=== Section Start ===

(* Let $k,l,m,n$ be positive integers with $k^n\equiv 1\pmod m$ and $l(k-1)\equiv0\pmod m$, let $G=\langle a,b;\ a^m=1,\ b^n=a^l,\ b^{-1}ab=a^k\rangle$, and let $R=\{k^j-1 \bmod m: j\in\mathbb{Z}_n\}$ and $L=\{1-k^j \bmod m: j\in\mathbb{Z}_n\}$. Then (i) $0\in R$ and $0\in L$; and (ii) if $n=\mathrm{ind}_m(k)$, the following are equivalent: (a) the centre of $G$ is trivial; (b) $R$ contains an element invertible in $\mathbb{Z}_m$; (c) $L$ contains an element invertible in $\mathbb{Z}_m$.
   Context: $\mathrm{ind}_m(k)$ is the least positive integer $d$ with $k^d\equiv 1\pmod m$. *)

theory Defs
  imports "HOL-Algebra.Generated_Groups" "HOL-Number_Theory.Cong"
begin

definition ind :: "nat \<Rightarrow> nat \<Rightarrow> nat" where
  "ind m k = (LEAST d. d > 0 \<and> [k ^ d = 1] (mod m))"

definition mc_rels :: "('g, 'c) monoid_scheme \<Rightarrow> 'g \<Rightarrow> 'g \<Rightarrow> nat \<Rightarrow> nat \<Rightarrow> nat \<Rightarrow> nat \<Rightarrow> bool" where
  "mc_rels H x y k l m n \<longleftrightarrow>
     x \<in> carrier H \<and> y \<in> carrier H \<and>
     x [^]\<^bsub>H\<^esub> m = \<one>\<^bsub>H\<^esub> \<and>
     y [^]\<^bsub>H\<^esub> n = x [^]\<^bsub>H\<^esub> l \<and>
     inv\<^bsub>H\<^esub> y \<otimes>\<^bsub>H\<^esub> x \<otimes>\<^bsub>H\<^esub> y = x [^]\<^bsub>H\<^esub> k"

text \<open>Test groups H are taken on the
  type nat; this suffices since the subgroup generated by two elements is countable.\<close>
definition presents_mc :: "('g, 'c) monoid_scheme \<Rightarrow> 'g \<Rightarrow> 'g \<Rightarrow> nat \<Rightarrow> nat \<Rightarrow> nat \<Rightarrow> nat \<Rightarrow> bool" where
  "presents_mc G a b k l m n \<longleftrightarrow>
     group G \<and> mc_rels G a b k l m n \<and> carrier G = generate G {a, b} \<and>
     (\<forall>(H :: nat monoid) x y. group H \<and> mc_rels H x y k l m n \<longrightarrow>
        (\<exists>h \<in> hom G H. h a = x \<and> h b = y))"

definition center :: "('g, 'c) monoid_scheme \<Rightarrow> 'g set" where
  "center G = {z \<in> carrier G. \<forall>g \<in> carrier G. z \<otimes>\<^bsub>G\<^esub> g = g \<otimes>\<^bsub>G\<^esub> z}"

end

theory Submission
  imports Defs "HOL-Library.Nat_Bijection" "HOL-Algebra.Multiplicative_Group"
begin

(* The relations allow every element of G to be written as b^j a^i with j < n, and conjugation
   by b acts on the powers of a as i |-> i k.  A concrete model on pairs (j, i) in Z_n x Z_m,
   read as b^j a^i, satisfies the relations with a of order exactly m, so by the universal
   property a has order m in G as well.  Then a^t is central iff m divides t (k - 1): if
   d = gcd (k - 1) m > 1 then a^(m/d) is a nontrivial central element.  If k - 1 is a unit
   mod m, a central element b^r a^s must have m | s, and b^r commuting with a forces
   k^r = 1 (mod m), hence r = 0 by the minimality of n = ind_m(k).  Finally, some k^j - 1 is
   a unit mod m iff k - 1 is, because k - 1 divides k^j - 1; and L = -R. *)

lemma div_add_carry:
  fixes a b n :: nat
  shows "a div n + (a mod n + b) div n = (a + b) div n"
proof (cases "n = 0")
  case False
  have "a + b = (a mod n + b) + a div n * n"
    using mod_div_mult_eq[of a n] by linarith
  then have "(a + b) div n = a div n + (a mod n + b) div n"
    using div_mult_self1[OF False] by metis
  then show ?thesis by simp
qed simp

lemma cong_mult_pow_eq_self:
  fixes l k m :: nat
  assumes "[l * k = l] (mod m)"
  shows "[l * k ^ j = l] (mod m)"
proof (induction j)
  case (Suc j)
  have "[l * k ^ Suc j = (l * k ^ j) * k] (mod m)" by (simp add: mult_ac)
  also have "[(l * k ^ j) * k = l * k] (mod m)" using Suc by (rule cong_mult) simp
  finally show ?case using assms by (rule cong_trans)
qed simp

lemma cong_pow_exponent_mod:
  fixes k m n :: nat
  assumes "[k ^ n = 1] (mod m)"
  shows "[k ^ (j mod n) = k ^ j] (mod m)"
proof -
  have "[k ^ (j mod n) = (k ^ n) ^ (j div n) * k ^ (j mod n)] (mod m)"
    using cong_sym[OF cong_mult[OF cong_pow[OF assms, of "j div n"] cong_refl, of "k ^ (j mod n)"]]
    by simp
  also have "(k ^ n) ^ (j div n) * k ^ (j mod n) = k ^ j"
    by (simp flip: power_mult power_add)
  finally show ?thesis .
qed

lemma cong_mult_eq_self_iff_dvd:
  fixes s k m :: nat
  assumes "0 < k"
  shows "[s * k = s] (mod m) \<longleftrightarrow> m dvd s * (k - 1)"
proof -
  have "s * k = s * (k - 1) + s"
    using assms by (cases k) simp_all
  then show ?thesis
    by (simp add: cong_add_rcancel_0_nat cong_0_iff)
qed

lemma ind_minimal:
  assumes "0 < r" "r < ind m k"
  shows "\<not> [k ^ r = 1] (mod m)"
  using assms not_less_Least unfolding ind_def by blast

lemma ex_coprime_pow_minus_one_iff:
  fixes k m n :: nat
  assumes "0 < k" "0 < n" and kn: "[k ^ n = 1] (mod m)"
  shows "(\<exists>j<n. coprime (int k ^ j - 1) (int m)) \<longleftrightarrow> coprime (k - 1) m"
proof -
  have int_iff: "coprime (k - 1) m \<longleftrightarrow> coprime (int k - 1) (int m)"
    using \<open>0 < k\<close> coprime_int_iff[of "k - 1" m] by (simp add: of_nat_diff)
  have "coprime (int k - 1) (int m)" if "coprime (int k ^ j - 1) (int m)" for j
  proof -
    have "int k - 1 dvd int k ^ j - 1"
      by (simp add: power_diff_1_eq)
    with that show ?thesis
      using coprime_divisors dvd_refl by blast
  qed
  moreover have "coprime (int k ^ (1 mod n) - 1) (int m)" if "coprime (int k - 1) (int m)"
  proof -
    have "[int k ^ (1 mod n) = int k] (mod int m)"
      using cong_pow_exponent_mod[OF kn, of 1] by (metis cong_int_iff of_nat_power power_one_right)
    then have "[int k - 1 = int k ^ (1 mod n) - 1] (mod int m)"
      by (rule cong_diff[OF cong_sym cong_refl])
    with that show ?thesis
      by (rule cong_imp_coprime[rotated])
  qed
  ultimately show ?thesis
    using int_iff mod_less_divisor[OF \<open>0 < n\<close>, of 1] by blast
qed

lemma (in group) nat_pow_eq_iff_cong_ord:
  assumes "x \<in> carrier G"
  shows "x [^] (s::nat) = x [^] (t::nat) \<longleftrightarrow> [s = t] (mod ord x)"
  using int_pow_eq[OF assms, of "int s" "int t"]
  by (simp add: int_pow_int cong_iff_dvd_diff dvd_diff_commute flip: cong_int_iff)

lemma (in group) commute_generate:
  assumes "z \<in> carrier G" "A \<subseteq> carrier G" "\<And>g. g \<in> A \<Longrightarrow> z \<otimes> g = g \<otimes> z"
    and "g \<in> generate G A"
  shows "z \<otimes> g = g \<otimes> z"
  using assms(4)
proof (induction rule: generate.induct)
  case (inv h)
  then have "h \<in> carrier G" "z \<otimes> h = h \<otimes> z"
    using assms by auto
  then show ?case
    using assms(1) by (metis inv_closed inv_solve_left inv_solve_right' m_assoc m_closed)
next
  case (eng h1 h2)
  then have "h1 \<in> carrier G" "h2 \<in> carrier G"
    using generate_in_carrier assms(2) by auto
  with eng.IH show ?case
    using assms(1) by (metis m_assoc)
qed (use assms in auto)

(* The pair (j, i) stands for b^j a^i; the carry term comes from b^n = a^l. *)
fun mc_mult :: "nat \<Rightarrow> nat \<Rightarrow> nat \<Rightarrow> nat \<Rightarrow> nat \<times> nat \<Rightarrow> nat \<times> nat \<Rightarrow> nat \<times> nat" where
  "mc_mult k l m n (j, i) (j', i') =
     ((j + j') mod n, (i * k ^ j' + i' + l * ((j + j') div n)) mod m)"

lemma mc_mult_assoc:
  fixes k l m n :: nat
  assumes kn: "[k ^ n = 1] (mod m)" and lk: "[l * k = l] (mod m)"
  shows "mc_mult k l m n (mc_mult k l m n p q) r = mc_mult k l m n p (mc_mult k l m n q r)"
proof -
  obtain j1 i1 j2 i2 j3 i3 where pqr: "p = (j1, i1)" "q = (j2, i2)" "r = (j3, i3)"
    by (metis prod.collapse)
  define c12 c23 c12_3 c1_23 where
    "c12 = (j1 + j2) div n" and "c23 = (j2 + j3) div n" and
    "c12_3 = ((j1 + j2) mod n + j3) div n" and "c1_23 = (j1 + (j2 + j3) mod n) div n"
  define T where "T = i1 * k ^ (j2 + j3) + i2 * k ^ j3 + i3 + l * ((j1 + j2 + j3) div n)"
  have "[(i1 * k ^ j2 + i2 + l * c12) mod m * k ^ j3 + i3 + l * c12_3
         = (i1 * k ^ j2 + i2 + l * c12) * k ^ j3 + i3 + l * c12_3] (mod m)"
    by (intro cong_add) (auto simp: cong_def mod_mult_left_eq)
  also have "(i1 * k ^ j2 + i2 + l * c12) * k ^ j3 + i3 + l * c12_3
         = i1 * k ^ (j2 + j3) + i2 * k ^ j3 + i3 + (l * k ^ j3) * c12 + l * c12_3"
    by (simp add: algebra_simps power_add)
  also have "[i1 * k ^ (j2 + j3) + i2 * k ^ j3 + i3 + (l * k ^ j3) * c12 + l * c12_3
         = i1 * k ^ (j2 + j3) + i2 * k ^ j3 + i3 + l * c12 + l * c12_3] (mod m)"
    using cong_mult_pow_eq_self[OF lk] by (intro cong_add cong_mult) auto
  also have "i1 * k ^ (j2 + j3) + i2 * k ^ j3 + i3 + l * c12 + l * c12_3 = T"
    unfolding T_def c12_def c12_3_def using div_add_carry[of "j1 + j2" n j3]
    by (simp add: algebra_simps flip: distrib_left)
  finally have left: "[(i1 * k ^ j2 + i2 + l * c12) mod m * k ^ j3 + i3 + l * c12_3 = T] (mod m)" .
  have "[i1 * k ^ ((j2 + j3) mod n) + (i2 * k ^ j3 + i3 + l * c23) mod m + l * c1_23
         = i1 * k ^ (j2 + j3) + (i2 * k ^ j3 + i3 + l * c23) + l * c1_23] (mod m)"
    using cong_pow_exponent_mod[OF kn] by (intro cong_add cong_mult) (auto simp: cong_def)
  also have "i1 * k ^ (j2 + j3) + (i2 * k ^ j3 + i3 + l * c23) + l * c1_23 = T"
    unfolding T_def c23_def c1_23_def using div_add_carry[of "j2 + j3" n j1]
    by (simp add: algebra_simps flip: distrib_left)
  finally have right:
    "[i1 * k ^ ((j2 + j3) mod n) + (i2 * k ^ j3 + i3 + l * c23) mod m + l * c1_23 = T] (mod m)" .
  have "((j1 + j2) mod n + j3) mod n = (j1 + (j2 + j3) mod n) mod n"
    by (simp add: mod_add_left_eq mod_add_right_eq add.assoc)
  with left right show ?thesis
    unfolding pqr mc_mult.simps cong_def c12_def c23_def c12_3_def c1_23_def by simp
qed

=== Section End ===
=== Section Start ===

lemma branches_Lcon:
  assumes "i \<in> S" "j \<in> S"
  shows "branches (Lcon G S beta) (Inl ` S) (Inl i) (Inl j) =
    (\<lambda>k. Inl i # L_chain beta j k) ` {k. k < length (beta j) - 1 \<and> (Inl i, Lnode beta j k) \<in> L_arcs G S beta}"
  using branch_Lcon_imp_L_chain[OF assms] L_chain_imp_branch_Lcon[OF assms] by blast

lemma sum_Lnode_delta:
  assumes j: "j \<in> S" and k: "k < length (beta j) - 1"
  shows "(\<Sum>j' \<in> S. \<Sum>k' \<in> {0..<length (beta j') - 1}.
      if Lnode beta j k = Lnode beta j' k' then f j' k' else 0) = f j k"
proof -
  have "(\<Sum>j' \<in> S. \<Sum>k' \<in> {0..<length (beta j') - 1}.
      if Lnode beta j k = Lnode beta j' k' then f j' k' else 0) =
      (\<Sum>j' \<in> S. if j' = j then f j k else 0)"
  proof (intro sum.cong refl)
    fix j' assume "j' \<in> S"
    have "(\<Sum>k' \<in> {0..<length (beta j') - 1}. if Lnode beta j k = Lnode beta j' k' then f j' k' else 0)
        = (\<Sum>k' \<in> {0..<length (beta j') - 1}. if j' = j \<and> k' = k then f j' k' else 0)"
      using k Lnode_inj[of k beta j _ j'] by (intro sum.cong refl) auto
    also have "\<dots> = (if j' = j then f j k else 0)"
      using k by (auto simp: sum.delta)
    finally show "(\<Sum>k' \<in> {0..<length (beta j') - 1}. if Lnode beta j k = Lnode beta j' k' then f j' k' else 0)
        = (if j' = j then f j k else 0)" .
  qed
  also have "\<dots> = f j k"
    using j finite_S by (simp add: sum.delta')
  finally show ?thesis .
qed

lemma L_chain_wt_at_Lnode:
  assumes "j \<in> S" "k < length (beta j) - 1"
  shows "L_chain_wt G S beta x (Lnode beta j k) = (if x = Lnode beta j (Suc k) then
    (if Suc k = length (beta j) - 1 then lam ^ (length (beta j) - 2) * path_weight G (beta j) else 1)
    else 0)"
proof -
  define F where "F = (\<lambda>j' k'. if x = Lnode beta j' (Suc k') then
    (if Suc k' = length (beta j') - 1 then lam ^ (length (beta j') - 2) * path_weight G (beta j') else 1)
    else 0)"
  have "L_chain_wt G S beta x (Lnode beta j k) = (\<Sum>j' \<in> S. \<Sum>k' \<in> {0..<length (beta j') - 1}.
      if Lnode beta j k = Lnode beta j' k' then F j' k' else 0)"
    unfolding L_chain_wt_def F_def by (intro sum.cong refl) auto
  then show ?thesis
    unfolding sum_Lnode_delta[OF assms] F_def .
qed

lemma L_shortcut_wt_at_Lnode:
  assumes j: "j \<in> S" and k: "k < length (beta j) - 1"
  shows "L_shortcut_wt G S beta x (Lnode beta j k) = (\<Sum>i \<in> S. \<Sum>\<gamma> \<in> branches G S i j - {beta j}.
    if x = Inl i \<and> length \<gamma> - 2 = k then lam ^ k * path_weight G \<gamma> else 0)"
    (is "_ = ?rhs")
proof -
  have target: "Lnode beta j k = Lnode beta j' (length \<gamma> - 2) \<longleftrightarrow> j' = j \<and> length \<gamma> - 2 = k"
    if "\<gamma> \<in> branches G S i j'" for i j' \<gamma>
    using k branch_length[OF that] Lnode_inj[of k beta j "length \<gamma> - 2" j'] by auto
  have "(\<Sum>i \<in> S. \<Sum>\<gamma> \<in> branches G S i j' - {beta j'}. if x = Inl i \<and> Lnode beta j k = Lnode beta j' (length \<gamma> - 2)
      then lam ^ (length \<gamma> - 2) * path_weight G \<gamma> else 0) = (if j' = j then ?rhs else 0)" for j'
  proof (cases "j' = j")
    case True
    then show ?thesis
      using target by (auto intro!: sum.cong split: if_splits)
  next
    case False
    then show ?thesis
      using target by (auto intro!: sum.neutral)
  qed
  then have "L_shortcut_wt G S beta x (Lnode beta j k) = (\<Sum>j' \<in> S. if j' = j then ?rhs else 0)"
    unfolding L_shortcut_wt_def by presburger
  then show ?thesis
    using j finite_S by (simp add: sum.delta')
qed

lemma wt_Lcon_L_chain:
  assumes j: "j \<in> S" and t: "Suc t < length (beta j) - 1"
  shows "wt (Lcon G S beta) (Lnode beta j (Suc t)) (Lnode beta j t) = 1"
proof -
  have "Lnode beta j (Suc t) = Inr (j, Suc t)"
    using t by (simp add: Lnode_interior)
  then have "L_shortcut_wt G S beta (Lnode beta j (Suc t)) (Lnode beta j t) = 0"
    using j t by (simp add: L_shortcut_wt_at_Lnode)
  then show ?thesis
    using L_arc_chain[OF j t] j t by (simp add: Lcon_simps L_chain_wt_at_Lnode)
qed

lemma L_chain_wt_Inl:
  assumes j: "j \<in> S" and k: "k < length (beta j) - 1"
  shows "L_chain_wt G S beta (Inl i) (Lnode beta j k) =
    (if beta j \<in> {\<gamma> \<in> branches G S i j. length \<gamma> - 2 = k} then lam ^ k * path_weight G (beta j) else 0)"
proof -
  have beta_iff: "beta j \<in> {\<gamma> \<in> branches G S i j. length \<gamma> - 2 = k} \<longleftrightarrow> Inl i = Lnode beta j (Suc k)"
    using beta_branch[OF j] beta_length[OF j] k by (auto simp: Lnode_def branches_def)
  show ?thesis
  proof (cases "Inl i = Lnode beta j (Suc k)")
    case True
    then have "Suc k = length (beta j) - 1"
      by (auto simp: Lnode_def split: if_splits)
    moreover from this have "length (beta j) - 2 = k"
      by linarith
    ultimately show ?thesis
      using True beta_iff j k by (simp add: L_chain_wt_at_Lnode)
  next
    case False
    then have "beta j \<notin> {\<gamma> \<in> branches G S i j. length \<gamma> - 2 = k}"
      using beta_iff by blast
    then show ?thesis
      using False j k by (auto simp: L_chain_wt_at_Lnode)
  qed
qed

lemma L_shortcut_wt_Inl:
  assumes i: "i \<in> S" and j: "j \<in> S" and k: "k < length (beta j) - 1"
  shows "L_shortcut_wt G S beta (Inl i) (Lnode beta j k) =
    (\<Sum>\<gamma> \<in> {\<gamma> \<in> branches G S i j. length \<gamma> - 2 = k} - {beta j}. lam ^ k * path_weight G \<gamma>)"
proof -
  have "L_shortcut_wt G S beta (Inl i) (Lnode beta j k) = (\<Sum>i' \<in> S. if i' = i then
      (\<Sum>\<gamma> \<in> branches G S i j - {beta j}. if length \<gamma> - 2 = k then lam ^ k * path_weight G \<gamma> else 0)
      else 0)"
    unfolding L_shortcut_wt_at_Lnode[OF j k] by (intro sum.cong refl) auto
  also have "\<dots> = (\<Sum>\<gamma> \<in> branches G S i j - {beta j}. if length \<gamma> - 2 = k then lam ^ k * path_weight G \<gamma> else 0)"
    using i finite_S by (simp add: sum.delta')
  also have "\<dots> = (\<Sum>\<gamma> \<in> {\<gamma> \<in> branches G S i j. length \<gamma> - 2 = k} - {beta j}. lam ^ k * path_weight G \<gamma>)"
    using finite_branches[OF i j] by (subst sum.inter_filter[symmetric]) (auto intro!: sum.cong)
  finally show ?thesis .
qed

=== Section End ===
=== Section Start ===

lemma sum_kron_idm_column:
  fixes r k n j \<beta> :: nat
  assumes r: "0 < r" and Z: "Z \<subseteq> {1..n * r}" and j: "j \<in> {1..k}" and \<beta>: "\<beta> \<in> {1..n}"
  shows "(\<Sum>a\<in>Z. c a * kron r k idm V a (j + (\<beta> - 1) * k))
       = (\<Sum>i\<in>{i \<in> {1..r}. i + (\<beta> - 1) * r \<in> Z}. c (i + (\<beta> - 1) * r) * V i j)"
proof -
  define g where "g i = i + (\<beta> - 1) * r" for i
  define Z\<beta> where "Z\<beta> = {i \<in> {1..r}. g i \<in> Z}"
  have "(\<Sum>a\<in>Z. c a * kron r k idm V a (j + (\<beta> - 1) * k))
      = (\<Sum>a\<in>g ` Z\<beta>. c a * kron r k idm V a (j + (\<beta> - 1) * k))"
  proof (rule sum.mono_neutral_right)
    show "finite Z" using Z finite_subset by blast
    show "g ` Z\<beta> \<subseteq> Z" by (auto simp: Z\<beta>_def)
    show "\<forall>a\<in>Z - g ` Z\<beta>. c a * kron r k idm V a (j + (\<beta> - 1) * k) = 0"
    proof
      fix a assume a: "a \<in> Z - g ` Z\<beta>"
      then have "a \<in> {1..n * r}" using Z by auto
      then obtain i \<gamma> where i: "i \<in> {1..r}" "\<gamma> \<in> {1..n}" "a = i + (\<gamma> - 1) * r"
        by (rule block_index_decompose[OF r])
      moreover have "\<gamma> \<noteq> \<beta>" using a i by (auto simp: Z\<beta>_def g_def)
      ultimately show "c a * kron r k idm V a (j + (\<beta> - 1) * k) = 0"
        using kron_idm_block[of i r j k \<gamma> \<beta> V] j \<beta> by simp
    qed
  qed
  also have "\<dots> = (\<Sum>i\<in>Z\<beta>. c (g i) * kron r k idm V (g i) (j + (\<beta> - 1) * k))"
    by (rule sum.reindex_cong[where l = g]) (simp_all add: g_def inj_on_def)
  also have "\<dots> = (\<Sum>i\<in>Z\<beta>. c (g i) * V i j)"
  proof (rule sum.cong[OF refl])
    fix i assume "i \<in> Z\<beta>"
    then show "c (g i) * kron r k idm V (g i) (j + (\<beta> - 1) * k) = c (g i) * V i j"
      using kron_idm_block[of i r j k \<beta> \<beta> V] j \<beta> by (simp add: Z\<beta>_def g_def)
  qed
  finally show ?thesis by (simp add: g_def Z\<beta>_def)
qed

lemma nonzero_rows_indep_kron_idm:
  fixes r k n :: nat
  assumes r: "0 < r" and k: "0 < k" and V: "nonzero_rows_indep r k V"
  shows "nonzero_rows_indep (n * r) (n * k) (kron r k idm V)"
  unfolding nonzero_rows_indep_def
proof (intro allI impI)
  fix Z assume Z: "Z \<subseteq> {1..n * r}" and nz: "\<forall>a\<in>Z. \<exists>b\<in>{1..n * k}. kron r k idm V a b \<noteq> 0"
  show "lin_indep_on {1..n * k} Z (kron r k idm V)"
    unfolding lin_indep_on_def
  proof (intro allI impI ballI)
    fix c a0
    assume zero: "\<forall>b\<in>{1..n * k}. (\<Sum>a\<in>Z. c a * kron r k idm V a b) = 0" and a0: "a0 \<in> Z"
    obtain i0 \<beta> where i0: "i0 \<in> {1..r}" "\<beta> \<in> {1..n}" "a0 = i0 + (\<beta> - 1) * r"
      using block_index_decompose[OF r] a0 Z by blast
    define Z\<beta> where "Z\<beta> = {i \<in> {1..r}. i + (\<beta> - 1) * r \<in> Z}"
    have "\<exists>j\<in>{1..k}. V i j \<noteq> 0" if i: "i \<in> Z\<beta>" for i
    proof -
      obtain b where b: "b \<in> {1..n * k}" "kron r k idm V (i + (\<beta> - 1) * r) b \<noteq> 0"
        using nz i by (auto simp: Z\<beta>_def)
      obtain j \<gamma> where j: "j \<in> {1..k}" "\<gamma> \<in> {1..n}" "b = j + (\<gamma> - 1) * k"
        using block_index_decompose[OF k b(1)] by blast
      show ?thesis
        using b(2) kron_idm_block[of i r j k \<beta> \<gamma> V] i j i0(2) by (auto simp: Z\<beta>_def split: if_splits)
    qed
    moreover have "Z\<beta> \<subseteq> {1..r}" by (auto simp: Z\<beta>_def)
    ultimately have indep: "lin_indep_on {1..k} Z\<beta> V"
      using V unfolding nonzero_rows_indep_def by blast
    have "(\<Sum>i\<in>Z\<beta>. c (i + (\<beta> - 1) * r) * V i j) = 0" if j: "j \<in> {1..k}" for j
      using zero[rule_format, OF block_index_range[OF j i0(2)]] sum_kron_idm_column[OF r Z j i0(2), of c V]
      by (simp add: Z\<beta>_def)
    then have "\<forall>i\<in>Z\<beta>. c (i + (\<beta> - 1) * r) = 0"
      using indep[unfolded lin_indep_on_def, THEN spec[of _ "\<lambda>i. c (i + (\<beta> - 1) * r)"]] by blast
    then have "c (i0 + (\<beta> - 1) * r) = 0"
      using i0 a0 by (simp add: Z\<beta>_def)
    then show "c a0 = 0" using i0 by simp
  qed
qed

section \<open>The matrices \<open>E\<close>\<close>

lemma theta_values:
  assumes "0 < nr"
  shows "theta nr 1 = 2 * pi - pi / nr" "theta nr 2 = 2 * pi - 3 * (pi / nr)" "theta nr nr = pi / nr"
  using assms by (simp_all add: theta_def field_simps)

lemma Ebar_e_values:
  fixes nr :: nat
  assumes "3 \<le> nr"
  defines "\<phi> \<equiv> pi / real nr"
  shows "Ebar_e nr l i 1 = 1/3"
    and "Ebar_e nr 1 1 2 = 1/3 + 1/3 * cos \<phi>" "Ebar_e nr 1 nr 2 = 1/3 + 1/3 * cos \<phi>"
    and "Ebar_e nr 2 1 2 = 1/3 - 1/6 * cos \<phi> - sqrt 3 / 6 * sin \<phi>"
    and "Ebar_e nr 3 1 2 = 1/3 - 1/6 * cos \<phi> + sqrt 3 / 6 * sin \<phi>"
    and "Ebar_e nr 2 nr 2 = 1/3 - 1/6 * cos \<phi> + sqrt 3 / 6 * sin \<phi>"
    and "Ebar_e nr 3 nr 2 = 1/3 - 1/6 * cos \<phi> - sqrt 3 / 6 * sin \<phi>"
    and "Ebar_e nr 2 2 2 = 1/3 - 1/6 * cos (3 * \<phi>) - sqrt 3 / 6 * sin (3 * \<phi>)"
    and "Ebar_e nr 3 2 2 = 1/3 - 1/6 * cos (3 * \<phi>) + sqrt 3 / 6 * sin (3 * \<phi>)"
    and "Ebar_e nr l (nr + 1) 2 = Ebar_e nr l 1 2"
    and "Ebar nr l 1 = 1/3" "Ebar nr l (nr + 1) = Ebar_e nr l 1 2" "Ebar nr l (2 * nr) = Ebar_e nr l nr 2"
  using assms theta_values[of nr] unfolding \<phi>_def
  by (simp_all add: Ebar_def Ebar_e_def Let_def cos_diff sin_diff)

=== Section End ===

### The problem
Your answer should consist solely of the lines above from the line with "by (intro cong_add)" to the line with "using cong_mult_pow_eq_self[OF lk]", both included, reproduced exactly.

### Output
    by (intro cong_add) (auto simp: cong_def mod_mult_left_eq)
  also have "(i1 * k ^ j2 + i2 + l * c12) * k ^ j3 + i3 + l * c12_3
         = i1 * k ^ (j2 + j3) + i2 * k ^ j3 + i3 + (l * k ^ j3) * c12 + l * c12_3"
    by (simp add: algebra_simps power_add)
  also have "[i1 * k ^ (j2 + j3) + i2 * k ^ j3 + i3 + (l * k ^ j3) * c12 + l * c12_3
         = i1 * k ^ (j2 + j3) + i2 * k ^ j3 + i3 + l * c12 + l * c12_3] (mod m)"
    using cong_mult_pow_eq_self[OF lk] by (intro cong_add cong_mult) auto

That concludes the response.